Work request>
From the entries that follow, copy each line in which "blast" appears.

═════ Provided data ═════

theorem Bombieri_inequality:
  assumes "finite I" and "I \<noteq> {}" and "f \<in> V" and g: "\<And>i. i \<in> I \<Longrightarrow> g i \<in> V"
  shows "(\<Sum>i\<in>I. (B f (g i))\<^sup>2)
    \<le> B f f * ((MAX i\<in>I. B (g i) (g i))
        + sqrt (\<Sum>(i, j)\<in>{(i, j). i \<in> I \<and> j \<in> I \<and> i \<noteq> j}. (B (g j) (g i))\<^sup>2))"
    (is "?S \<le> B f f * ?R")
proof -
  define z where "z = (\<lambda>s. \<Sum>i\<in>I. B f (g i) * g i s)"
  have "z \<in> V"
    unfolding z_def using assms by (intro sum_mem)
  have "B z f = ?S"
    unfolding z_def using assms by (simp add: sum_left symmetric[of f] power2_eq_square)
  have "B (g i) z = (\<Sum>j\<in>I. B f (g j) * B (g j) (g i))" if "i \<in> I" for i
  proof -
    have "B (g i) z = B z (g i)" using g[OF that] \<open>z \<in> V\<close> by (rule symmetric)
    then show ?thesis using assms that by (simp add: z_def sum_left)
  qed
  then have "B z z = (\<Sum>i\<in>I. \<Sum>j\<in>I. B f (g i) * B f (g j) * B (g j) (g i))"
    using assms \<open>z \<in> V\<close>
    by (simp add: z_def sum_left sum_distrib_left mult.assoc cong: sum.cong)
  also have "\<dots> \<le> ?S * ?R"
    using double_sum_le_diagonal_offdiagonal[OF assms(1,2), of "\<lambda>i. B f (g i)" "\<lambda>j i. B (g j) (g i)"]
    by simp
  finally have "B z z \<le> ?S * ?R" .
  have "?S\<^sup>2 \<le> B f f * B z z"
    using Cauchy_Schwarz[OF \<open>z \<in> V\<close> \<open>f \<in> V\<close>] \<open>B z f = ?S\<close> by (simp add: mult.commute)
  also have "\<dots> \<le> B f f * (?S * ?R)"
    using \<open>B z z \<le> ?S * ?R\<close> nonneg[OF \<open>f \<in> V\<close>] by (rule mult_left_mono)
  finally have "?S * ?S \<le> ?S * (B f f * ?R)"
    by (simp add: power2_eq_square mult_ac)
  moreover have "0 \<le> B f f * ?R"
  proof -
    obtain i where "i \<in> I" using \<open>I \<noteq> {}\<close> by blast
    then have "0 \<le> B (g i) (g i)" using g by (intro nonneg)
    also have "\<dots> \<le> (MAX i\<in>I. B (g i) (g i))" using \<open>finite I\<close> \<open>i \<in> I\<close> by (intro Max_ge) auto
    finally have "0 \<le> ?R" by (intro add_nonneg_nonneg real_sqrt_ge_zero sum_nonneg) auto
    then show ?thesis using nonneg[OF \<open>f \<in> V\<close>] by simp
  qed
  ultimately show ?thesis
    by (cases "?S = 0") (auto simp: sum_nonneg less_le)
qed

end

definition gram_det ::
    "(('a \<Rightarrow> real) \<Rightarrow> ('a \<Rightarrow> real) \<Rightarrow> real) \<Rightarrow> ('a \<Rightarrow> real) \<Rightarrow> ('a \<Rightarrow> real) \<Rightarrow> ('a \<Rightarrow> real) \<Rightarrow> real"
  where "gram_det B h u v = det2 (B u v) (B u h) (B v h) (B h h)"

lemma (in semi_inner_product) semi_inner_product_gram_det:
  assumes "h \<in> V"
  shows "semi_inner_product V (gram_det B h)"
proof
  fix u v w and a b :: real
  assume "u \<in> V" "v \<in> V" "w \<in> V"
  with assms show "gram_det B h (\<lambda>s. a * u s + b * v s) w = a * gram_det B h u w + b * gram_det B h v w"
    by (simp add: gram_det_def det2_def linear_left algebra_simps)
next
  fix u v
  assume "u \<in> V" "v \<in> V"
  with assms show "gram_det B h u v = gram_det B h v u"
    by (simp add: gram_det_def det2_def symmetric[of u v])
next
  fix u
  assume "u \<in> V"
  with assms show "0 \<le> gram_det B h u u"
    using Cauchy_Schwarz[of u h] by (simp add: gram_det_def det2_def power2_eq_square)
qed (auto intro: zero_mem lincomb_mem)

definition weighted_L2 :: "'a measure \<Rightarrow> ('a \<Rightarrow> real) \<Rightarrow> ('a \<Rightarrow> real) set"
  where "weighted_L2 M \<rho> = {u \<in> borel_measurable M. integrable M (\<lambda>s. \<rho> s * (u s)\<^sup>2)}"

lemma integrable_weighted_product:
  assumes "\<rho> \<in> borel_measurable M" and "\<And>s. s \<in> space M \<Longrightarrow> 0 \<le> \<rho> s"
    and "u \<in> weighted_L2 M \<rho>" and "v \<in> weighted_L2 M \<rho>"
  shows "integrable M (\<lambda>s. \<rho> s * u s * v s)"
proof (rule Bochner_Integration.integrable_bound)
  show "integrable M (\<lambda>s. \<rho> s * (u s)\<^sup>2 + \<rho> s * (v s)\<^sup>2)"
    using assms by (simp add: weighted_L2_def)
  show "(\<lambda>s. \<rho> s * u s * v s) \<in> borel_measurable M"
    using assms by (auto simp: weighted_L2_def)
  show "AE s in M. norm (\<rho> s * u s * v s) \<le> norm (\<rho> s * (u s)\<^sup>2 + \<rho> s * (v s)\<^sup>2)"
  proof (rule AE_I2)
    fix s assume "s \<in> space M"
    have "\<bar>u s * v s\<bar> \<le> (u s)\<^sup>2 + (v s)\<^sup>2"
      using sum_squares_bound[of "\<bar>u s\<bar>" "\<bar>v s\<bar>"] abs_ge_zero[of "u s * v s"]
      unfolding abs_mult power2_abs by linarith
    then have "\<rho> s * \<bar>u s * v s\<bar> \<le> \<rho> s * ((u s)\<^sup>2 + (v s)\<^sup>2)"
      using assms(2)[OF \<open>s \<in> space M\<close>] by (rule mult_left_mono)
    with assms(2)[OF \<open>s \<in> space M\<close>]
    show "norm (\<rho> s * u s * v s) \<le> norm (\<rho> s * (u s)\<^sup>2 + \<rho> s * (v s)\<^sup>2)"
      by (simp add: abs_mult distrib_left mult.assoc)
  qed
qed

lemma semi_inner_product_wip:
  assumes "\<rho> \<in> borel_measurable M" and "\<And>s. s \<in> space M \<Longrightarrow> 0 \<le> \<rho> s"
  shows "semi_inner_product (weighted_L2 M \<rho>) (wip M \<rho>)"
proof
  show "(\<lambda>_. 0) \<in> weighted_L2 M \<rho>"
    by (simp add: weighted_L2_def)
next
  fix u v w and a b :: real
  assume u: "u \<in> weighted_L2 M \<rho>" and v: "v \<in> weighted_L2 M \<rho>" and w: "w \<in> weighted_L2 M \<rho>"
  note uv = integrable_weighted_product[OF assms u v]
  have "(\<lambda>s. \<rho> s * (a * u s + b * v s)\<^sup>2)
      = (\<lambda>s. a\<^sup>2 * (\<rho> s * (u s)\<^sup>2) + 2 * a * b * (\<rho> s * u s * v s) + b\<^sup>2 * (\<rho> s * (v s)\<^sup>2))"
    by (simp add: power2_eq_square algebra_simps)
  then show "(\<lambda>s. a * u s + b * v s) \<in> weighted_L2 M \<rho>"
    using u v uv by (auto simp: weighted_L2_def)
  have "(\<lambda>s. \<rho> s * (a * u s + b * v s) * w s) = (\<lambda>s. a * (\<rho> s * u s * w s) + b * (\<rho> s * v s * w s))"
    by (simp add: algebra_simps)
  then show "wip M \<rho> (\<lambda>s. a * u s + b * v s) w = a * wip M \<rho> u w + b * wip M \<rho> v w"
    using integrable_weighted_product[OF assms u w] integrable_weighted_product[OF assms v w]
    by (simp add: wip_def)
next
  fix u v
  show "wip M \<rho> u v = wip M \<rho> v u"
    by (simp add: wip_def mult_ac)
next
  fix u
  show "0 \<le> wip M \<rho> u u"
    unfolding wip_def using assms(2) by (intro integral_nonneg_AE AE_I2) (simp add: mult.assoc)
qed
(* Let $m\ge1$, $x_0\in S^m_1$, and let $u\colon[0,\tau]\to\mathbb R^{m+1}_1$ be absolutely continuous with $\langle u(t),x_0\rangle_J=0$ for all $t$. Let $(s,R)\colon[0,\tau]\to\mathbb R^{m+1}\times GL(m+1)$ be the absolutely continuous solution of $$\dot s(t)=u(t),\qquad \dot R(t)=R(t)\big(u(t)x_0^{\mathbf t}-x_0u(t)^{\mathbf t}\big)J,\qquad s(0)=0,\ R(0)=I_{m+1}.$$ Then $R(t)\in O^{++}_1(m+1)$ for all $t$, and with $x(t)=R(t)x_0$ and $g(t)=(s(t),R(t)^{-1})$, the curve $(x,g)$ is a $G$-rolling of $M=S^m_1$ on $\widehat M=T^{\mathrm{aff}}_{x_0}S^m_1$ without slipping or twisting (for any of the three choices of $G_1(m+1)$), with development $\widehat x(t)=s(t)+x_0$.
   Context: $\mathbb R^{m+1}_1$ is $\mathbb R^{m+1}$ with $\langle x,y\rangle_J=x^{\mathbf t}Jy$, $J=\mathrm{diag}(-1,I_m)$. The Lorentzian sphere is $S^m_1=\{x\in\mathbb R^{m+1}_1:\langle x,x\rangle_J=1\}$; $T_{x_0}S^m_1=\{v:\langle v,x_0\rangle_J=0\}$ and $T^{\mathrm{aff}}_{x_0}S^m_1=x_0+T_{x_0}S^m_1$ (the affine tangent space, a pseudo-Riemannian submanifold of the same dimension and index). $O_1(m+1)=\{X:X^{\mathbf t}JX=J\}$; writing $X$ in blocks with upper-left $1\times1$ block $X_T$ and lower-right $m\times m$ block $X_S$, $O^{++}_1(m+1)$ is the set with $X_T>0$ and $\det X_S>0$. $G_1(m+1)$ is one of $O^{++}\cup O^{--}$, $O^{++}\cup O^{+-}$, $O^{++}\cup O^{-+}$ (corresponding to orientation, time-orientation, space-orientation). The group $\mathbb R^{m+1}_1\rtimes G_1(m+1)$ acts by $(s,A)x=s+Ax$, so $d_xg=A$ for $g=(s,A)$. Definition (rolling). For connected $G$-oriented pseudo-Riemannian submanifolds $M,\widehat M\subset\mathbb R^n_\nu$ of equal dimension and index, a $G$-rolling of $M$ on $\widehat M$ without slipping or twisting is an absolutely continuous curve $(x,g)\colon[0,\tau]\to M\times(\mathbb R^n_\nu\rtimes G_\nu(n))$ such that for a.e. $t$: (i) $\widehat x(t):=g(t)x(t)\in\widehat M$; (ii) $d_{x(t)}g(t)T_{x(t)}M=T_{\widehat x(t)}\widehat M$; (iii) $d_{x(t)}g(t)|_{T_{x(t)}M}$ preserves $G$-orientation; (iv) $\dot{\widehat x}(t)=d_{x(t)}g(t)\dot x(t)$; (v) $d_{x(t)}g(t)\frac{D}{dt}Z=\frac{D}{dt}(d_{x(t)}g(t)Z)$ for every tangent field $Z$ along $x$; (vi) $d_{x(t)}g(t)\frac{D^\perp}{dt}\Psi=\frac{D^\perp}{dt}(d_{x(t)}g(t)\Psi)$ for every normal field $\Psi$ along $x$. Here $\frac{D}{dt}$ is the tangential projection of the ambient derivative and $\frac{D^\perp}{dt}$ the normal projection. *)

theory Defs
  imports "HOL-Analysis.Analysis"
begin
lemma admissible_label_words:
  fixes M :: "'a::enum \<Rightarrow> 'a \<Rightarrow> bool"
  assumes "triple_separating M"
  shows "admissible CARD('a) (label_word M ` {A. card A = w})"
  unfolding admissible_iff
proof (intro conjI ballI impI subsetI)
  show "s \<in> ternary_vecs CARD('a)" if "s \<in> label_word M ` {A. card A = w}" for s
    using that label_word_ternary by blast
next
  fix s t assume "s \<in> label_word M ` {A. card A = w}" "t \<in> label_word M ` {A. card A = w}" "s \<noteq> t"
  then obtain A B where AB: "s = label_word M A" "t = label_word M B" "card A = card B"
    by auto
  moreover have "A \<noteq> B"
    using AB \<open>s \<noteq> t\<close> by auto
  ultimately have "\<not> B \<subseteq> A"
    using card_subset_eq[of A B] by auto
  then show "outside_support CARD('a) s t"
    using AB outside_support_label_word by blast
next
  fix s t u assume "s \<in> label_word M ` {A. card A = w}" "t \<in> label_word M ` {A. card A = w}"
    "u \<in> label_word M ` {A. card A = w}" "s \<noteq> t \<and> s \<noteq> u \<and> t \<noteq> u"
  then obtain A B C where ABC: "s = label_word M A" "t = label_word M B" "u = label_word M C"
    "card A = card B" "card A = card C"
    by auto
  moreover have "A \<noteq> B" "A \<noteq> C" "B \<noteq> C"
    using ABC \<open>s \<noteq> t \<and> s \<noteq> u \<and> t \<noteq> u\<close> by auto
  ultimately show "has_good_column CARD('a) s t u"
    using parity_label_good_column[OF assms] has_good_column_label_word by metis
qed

═════

Exercise output>
    obtain i where "i \<in> I" using \<open>I \<noteq> {}\<close> by blast
    using that label_word_ternary by blast
    using AB outside_support_label_word by blast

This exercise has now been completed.